The death of 1000-plus Ebola victims is dreadful, as are the deaths of thousands of people in conflicts all round the world which seem so much a part of our daily lives at the moment. However, as individuals, we are totally incapable of changing or affecting any of this regardless of our humanity and feelings. The headlines, at best, make us feel hopeless and useless as individuals, and, at worst, angry and frustrated, neither feeling changing anything on the ground.
However, we are in a position to make powerful and positive changes from Robin Williams’s sad death.
Despite being a comic genius and gifted actor, a man who in films like “Good morning Vietnam” could make us laugh and cry almost at the same moment, he still felt lonely and depressed.
What about all the people around you right now, not famous or rich, just normal? For example, what about that little old lady two doors down you haven’t seen for several days; a classmate or colleague who seems to be behaving differently; the old man sitting on a bench looking out to sea for hours; the lady sitting drinking endless cups of coffee in the cafe; or the young lad who gets falling-down drunk every night, or just drinking alone?
If you are worried about anyone - a friend, colleague or family member - they may really appreciate you asking how they are. Talking about a problem is never easy. If it’s really bad, what can you say?
You don’t have to be able to solve their problem, or even to completely understand it, but listening to what they have to say will at least let them know you care.
Sometimes people often want to talk, but we just don’t realise. Fortunately, people do put out signals. Sometimes they are very tentative signals, but the signs are often there if we know what to look for. Here are some ways that people signal that they may need help:
* Being irritable or nervous.
* A change in routine, such as sleeping or eating less than normal.
* Drinking, smoking or using drugs more than usual.
* Being untypically clumsy or accident-prone.
* Becoming withdrawn or losing touch with friends and family.
* Losing interest in their appearance. For example dressing badly, no longer wearing make-up or not washing regularly.

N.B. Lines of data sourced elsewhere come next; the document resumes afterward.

lemma ginv_inverse:
  assumes "riemannian_metric U G" "x \<in> U"
  shows G_ginv: "(\<Sum>k\<in>UNIV. G x a k * ginv G x k b) = (if a = b then 1 else 0)"
    and ginv_G: "(\<Sum>k\<in>UNIV. ginv G x a k * G x k b) = (if a = b then 1 else 0)"
proof -
  define A where "A = (\<chi> p q. G x p q)"
  have "v = 0" if "A *v v = 0" for v
  proof (rule ccontr)
    assume "v \<noteq> 0"
    then have "(\<Sum>a\<in>UNIV. \<Sum>b\<in>UNIV. v$a * v$b * G x a b) > 0"
      using assms unfolding riemannian_metric_def by blast
    moreover have "(\<Sum>b\<in>UNIV. v$b * G x a b) = 0" for a
      using that by (simp add: A_def matrix_vector_mult_def vec_eq_iff mult.commute)
    then have "(\<Sum>a\<in>UNIV. \<Sum>b\<in>UNIV. v$a * v$b * G x a b) = 0"
      by (simp add: sum_distrib_left[symmetric] mult.assoc)
    ultimately show False by simp
  qed
  then have "invertible A"
    using matrix_left_invertible_ker invertible_left_inverse by blast
  note matrix_inv_inverse[OF this]
  moreover have "ginv G x = (\<lambda>a b. matrix_inv A $ a $ b)"
    by (intro ext) (simp add: ginv_def A_def)
  ultimately show "(\<Sum>k\<in>UNIV. G x a k * ginv G x k b) = (if a = b then 1 else 0)"
    and "(\<Sum>k\<in>UNIV. ginv G x a k * G x k b) = (if a = b then 1 else 0)"
    by (auto simp: vec_eq_iff matrix_matrix_mult_def mat_def A_def)
qed

lemma delta_mult: "(if P then 1 else 0) * (c::real) = (if P then c else 0)"
  by simp

lemma mult_delta: "(c::real) * (if P then 1 else 0) = (if P then c else 0)"
  by simp
lemma degree_lagrange_basis: "k \<le> D \<Longrightarrow> degree (lagrange_basis s D k) \<le> D"
proof -
  assume "k \<le> D"
  have "degree (lagrange_basis s D k)
      \<le> sum (degree \<circ> (\<lambda>j. smult (inverse (s k - s j)) [:- s j, 1:])) ({..D} - {k})"
    unfolding lagrange_basis_def by (rule degree_prod_sum_le) simp
  also have "\<dots> \<le> (\<Sum>j\<in>{..D} - {k}. 1)"
  proof (rule sum_mono)
    fix j
    show "(degree \<circ> (\<lambda>j. smult (inverse (s k - s j)) [:- s j, 1:])) j \<le> 1"
      using degree_smult_le[of "inverse (s k - s j)" "[:- s j, 1:]"] by simp
  qed
  also have "\<dots> \<le> D" using \<open>k \<le> D\<close> by simp
  finally show ?thesis .
qed

lemma peval_real_close:
  fixes X Y :: "'n::finite \<Rightarrow> real"
  assumes "\<And>i. \<bar>Y i - X i\<bar> \<le> d" "d \<le> 1"
  shows "\<bar>peval_real \<kappa> e X - peval_real \<kappa> e Y\<bar> \<le> lipschitz_bound \<kappa> e ((\<Sum>i\<in>UNIV. \<bar>X i\<bar>) + 1) * d"
proof (rule peval_real_lipschitz)
  fix i
  have "\<bar>X i\<bar> \<le> (\<Sum>i\<in>UNIV. \<bar>X i\<bar>)" using member_le_sum[of i UNIV "\<lambda>i. \<bar>X i\<bar>"] by simp
  then show "\<bar>X i\<bar> \<le> (\<Sum>i\<in>UNIV. \<bar>X i\<bar>) + 1" "\<bar>Y i\<bar> \<le> (\<Sum>i\<in>UNIV. \<bar>X i\<bar>) + 1"
    "\<bar>X i - Y i\<bar> \<le> d"
    using assms(1)[of i] assms(2) by (auto simp: abs_le_iff)
qed
lemma path_vertex_reaches_end_avoiding:
  assumes "distinct p" "w \<in> set p" "w \<noteq> x"
  shows "\<exists>a\<in>{hd p, last p} - {x}. (w, a) \<in> (adj {e \<in> path_edges p. x \<notin> e})\<^sup>*"
proof -
  let ?R = "adj {e \<in> path_edges p. x \<notin> e}"
  obtain p1 p2 where p12: "p = p1 @ w # p2" using assms(2) by (meson split_list)
  have walk_p: "walk (path_edges p) p" by (simp add: walk_iff_path_edges_subset)
  show ?thesis
  proof (cases "x \<in> set p1")
    case False
    have "walk (path_edges p) (p1 @ [w])"
      using walk_p walk_infix[of _ "[]" "p1 @ [w]" p2] p12 by simp
    moreover have "x \<notin> set (p1 @ [w])" using False assms(3) by simp
    ultimately have "walk {e \<in> path_edges p. x \<notin> e} (p1 @ [w])" by (rule walk_avoiding)
    then have "(w, hd (p1 @ [w])) \<in> ?R\<^sup>*"
      by (rule walk_imp_rtrancl_adj) (cases p1; simp)+
    moreover have "hd (p1 @ [w]) \<in> {hd p, last p} - {x}" using p12 False assms(3) by (cases p1) auto
    ultimately show ?thesis by blast
  next
    case True
    then have x_notin: "x \<notin> set (w # p2)" using assms(1) p12 by auto
    have "walk (path_edges p) (w # p2)" using walk_p walk_infix[of _ p1 "w # p2" "[]"] p12 by simp
    then have "walk {e \<in> path_edges p. x \<notin> e} (w # p2)" using x_notin by (rule walk_avoiding)
    then have "(w, last (w # p2)) \<in> ?R\<^sup>*" by (rule walk_imp_rtrancl_adj) simp_all
    moreover have "last (w # p2) \<in> set (w # p2)" "last (w # p2) = last p" using p12 by simp_all
    then have "last (w # p2) \<in> {hd p, last p} - {x}" using x_notin by auto
    ultimately show ?thesis by blast
  qed
qed

lemma two_node_connected_add_path:
  assumes tnc: "two_node_connected (\<Union>F) F"
    and p: "distinct p" "p \<noteq> []" "hd p \<noteq> last p" "hd p \<in> \<Union>F" "last p \<in> \<Union>F"
  shows "two_node_connected (\<Union>(F \<union> path_edges p)) (F \<union> path_edges p)"
proof -
  let ?F' = "F \<union> path_edges p"
  have "2 \<le> length p" using p(2,3) by (cases p; cases "tl p") auto
  then have U': "\<Union>?F' = \<Union>F \<union> set p" by (simp add: Union_path_edges)
  have F: "finite (\<Union>F)" "2 < card (\<Union>F)" using tnc by (auto simp: two_node_connected_def)
  (* Without x the old vertices stay connected, and every new vertex reaches an old one along p. *)
  have "(u, v) \<in> (adj {e \<in> ?F'. x \<notin> e})\<^sup>*"
    if x: "x \<in> \<Union>?F'" and uv: "u \<in> \<Union>?F' - {x}" "v \<in> \<Union>?F' - {x}" for x u v
  proof -
    let ?R = "adj {e \<in> ?F'. x \<notin> e}"
    have old: "(a, b) \<in> ?R\<^sup>*" if "a \<in> \<Union>F - {x}" "b \<in> \<Union>F - {x}" for a b
    proof -
      have "adj {e \<in> F. x \<notin> e} \<subseteq> ?R" by (rule adj_mono) blast
      then show ?thesis using two_node_connected_rtrancl_adj_avoiding[OF tnc that] rtrancl_mono by blast
    qed
    have anchor: "\<exists>a\<in>\<Union>F - {x}. (w, a) \<in> ?R\<^sup>*" if w: "w \<in> \<Union>?F' - {x}" for w
    proof (cases "w \<in> \<Union>F")
      case False
      then have "w \<in> set p" "w \<noteq> x" using w U' by auto
      then obtain a where a: "a \<in> {hd p, last p} - {x}" "(w, a) \<in> (adj {e \<in> path_edges p. x \<notin> e})\<^sup>*"
        using path_vertex_reaches_end_avoiding[OF p(1)] by blast
      moreover have "adj {e \<in> path_edges p. x \<notin> e} \<subseteq> ?R" by (rule adj_mono) blast
      ultimately have "(w, a) \<in> ?R\<^sup>*" using rtrancl_mono by blast
      moreover have "a \<in> \<Union>F - {x}" using a(1) p(4,5) by blast
      ultimately show ?thesis by blast
    qed (use w in blast)
    obtain a b where ab: "a \<in> \<Union>F - {x}" "(u, a) \<in> ?R\<^sup>*" "b \<in> \<Union>F - {x}" "(v, b) \<in> ?R\<^sup>*"
      using anchor[OF uv(1)] anchor[OF uv(2)] by blast
    have "(a, b) \<in> ?R\<^sup>*" using old ab(1,3) .
    also have "(b, v) \<in> ?R\<^sup>*" using ab(4) by (rule rtrancl_adj_sym)
    finally show ?thesis using ab(2) by (rule rtrancl_trans[rotated])
  qed
  moreover have "finite (\<Union>?F')" using F U' by simp
  moreover have "card (\<Union>F) \<le> card (\<Union>?F')" using F U' by (simp add: card_mono)
  ultimately show ?thesis using F by (simp add: two_node_connected_iff)
qed

section \<open>Ears\<close>

definition ear :: "'a set set \<Rightarrow> 'a set \<Rightarrow> 'a list \<Rightarrow> bool" where
  "ear F W p \<longleftrightarrow> walk F p \<and> distinct p \<and> 2 \<le> length p \<and> set p \<inter> W = {hd p, last p}"

lemma ear_rev: "ear F W p \<Longrightarrow> ear F W (rev p)"
  unfolding ear_def by (auto simp: hd_rev last_rev)

lemma ear_hd_neq_last: "ear F W p \<Longrightarrow> hd p \<noteq> last p"
  unfolding ear_def by (cases p) auto

lemma earI:
  assumes "walk F p" "distinct p" "hd p \<noteq> last p" "set p \<inter> W = {hd p, last p}"
  shows "ear F W p"
proof -
  have "p \<noteq> []" using assms(4) by auto
  then have "2 \<le> length p" using assms(3) by (cases p; cases "tl p") auto
  then show ?thesis using assms unfolding ear_def by blast
qed

lemma ear_edge_not_inside:
  assumes p: "ear F W p" "\<not> set p \<subseteq> W" and e: "e \<in> path_edges p"
  shows "\<not> e \<subseteq> W"
proof
  assume "e \<subseteq> W"
  let ?n = "length p"
  obtain k where k: "k + 1 < ?n" "e = {p ! k, p ! (k + 1)}"
    using e unfolding path_edges_def by blast
  have dist: "distinct p" and ends: "set p \<inter> W = {hd p, last p}" and "p \<noteq> []"
    using p(1) unfolding ear_def by auto
  then have hd_last: "hd p = p ! 0" "last p = p ! (?n - 1)" by (simp_all add: hd_conv_nth last_conv_nth)
  have end_index: "i = 0 \<or> i = ?n - 1" if i: "i < ?n" "p ! i \<in> W" for i
  proof -
    have "p ! i \<in> set p \<inter> W" using i by simp
    then have "p ! i = p ! 0 \<or> p ! i = p ! (?n - 1)" unfolding ends hd_last by blast
    moreover have "0 < ?n" "?n - 1 < ?n" using i(1) by auto
    ultimately show ?thesis using i(1) dist nth_eq_iff_index_eq by metis
  qed
  have "k = 0 \<or> k = ?n - 1" "k + 1 = 0 \<or> k + 1 = ?n - 1"
    using end_index[of k] end_index[of "k + 1"] k \<open>e \<subseteq> W\<close> by auto
  then have "?n = 2" "k = 0" using k(1) by auto
  have "set p \<subseteq> e"
  proof
    fix v assume "v \<in> set p"
    then obtain i where "i < ?n" "p ! i = v" by (meson in_set_conv_nth)
    then show "v \<in> e" using \<open>?n = 2\<close> \<open>k = 0\<close> k(2) by (auto simp: less_2_cases_iff)
  qed
  then show False using p(2) \<open>e \<subseteq> W\<close> by blast
qed
lemma vimage_inner_sset:
  assumes "wfs Vc Y" "e \<in> edges G"
  shows "inner e -` sset (glue G arX A) \<rho> \<sigma> Y =
    sset (A (lab G e)) (elem_of \<circ> \<rho>) (\<lambda>j. inner e -` \<sigma> j) (comp_st e Y)"
proof (cases Y)
  case (SC \<psi>)
  have \<psi>: "qf_fo \<psi>" "fv1 \<psi> \<subseteq> {0}" using assms SC by auto
  have "x \<in> inner e -` sset (glue G arX A) \<rho> \<sigma> Y \<longleftrightarrow>
        x \<in> sset (A (lab G e)) (elem_of \<circ> \<rho>) (\<lambda>j. inner e -` \<sigma> j) (comp_st e Y)" for x
  proof -
    have "elem_of \<circ> \<rho>(0 := inner e x) = (elem_of \<circ> \<rho>)(0 := x)" by auto
    moreover have "inner e x \<in> univ (glue G arX A) \<Longrightarrow>
      sat (glue G arX A) (\<rho>(0 := inner e x)) \<sigma> \<psi> \<longleftrightarrow>
      sat (A (lab G e)) (elem_of \<circ> \<rho>(0 := inner e x)) (\<lambda>j. inner e -` \<sigma> j) (comp_fm e \<psi>)"
      using \<psi> assms(2) by (intro sat_comp_fm) auto
    ultimately show ?thesis using SC assms(2) by (auto simp: inner_in_univ_glue non_port_simps)
  qed
  then show ?thesis by blast
qed simp

end

section \<open>The back-and-forth invariant\<close>

context
  fixes G :: "('vg, 'eg, 'x) hg" and arX :: "'x \<Rightarrow> nat"
    and S :: "'a set" and arS :: "'a \<Rightarrow> nat" and M :: "nat set"
begin

definition vars_in_comp :: "(nat \<Rightarrow> ('vg, 'eg, 'v, 'e) glued) \<Rightarrow> nat set \<Rightarrow> 'eg \<Rightarrow> nat set" where
  "vars_in_comp \<rho> D e = {i\<in>D. \<not> is_outer (\<rho> i) \<and> edge_of (\<rho> i) = e}"

abbreviation comp_voc :: "'eg \<Rightarrow> 'a voc" where "comp_voc e \<equiv> voc S arS (arX (lab G e))"

text \<open>The component of \<open>e\<close> sees a variable through \<open>elem_of\<close> (only those in \<open>vars_in_comp \<rho> D e\<close>
  are meaningful) and a set through its preimage under \<open>inner e\<close>.\<close>

definition glue_corr :: "('x \<Rightarrow> ('v + 'e, 'a) model) \<Rightarrow> ('x \<Rightarrow> ('v + 'e, 'a) model) \<Rightarrow> nat \<Rightarrow> nat set \<Rightarrow> nat set
   \<Rightarrow> (nat \<Rightarrow> ('vg, 'eg, 'v, 'e) glued) \<Rightarrow> (nat \<Rightarrow> ('vg, 'eg, 'v, 'e) glued set)
   \<Rightarrow> (nat \<Rightarrow> ('vg, 'eg, 'v, 'e) glued) \<Rightarrow> (nat \<Rightarrow> ('vg, 'eg, 'v, 'e) glued set) \<Rightarrow> bool" where
  "glue_corr A B r D D2 \<rho> \<sigma> \<rho>' \<sigma>' \<longleftrightarrow>
    (\<forall>i\<in>D. \<rho> i \<in> univ (glue G arX A) \<and> \<rho>' i \<in> univ (glue G arX B)) \<and>
    (\<forall>i\<in>D. is_outer (\<rho> i) \<longleftrightarrow> is_outer (\<rho>' i)) \<and>
    (\<forall>i\<in>D. is_outer (\<rho> i) \<longrightarrow> \<rho> i = \<rho>' i) \<and>
    (\<forall>i\<in>D. \<not> is_outer (\<rho> i) \<longrightarrow> edge_of (\<rho> i) = edge_of (\<rho>' i)) \<and>
    (\<forall>j\<in>D2. \<sigma> j \<subseteq> univ (glue G arX A) \<and> \<sigma>' j \<subseteq> univ (glue G arX B) \<and> {u\<in>\<sigma> j. is_outer u} = {u\<in>\<sigma>' j. is_outer u}) \<and>
    (\<forall>e\<in>edges G. rM_equiv_on (comp_voc e) r M (vars_in_comp \<rho> D e) D2 (A (lab G e)) (elem_of \<circ> \<rho>) (\<lambda>j. inner e -` \<sigma> j)
        (B (lab G e)) (elem_of \<circ> \<rho>') (\<lambda>j. inner e -` \<sigma>' j))"

lemma glue_corrD:
  assumes "glue_corr A B r D D2 \<rho> \<sigma> \<rho>' \<sigma>'"
  shows "\<forall>i\<in>D. \<rho> i \<in> univ (glue G arX A) \<and> \<rho>' i \<in> univ (glue G arX B)"
    "\<forall>i\<in>D. is_outer (\<rho> i) \<longleftrightarrow> is_outer (\<rho>' i)"
    "\<forall>i\<in>D. is_outer (\<rho> i) \<longrightarrow> \<rho> i = \<rho>' i"
    "\<forall>i\<in>D. \<not> is_outer (\<rho> i) \<longrightarrow> edge_of (\<rho> i) = edge_of (\<rho>' i)"
    "\<forall>j\<in>D2. \<sigma> j \<subseteq> univ (glue G arX A) \<and> \<sigma>' j \<subseteq> univ (glue G arX B) \<and> {u\<in>\<sigma> j. is_outer u} = {u\<in>\<sigma>' j. is_outer u}"
    "\<forall>e\<in>edges G. rM_equiv_on (comp_voc e) r M (vars_in_comp \<rho> D e) D2 (A (lab G e)) (elem_of \<circ> \<rho>) (\<lambda>j. inner e -` \<sigma> j)
        (B (lab G e)) (elem_of \<circ> \<rho>') (\<lambda>j. inner e -` \<sigma>' j)"
  using assms unfolding glue_corr_def by blast+

lemma glue_corrI:
  assumes "\<forall>i\<in>D. \<rho> i \<in> univ (glue G arX A) \<and> \<rho>' i \<in> univ (glue G arX B)"
    "\<forall>i\<in>D. is_outer (\<rho> i) \<longleftrightarrow> is_outer (\<rho>' i)"
    "\<forall>i\<in>D. is_outer (\<rho> i) \<longrightarrow> \<rho> i = \<rho>' i"
    "\<forall>i\<in>D. \<not> is_outer (\<rho> i) \<longrightarrow> edge_of (\<rho> i) = edge_of (\<rho>' i)"
    "\<forall>j\<in>D2. \<sigma> j \<subseteq> univ (glue G arX A) \<and> \<sigma>' j \<subseteq> univ (glue G arX B) \<and> {u\<in>\<sigma> j. is_outer u} = {u\<in>\<sigma>' j. is_outer u}"
    "\<forall>e\<in>edges G. rM_equiv_on (comp_voc e) r M (vars_in_comp \<rho> D e) D2 (A (lab G e)) (elem_of \<circ> \<rho>) (\<lambda>j. inner e -` \<sigma> j)
        (B (lab G e)) (elem_of \<circ> \<rho>') (\<lambda>j. inner e -` \<sigma>' j)"
  shows "glue_corr A B r D D2 \<rho> \<sigma> \<rho>' \<sigma>'"
  unfolding glue_corr_def using assms by (intro conjI)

* Making leading statements, such as “You wouldn’t believe what I’ve been through” or “It’s like the whole world is against me.” People sometimes say these things in the hope you will ask them what they mean, so that they can talk about it.
* Putting themselves down in a serious or jokey way, for example “Oh, no one loves me,” or “I’m a waste of space.”
You probably don’t know how to help, but often just listening is all that is needed. Beyond that you could guide them towards more professional help, such as a priest, doctor, nurse, counsellor, therapist, mentor, confidant, close friends, and so many other ways.
Less intrusively, there are services such as Samaritans in Spain who offer a free totally confidential listening service by phone on 902 88 35 35m or by email on pat@samaritansinspain.com
Their motto is “You talk, we listen” so your friend would just need to do that, just talk.
Nothing can change the horror of so many horrendous deaths around the world, and nothing can change the sad loss of such a gifted actor. But perhaps the most fitting monument to him would be to celebrate his life, his comic genius and be thankful for the joy he has given us in the past, and to allow his sad death to prompt us to look more deeply around us and to help others.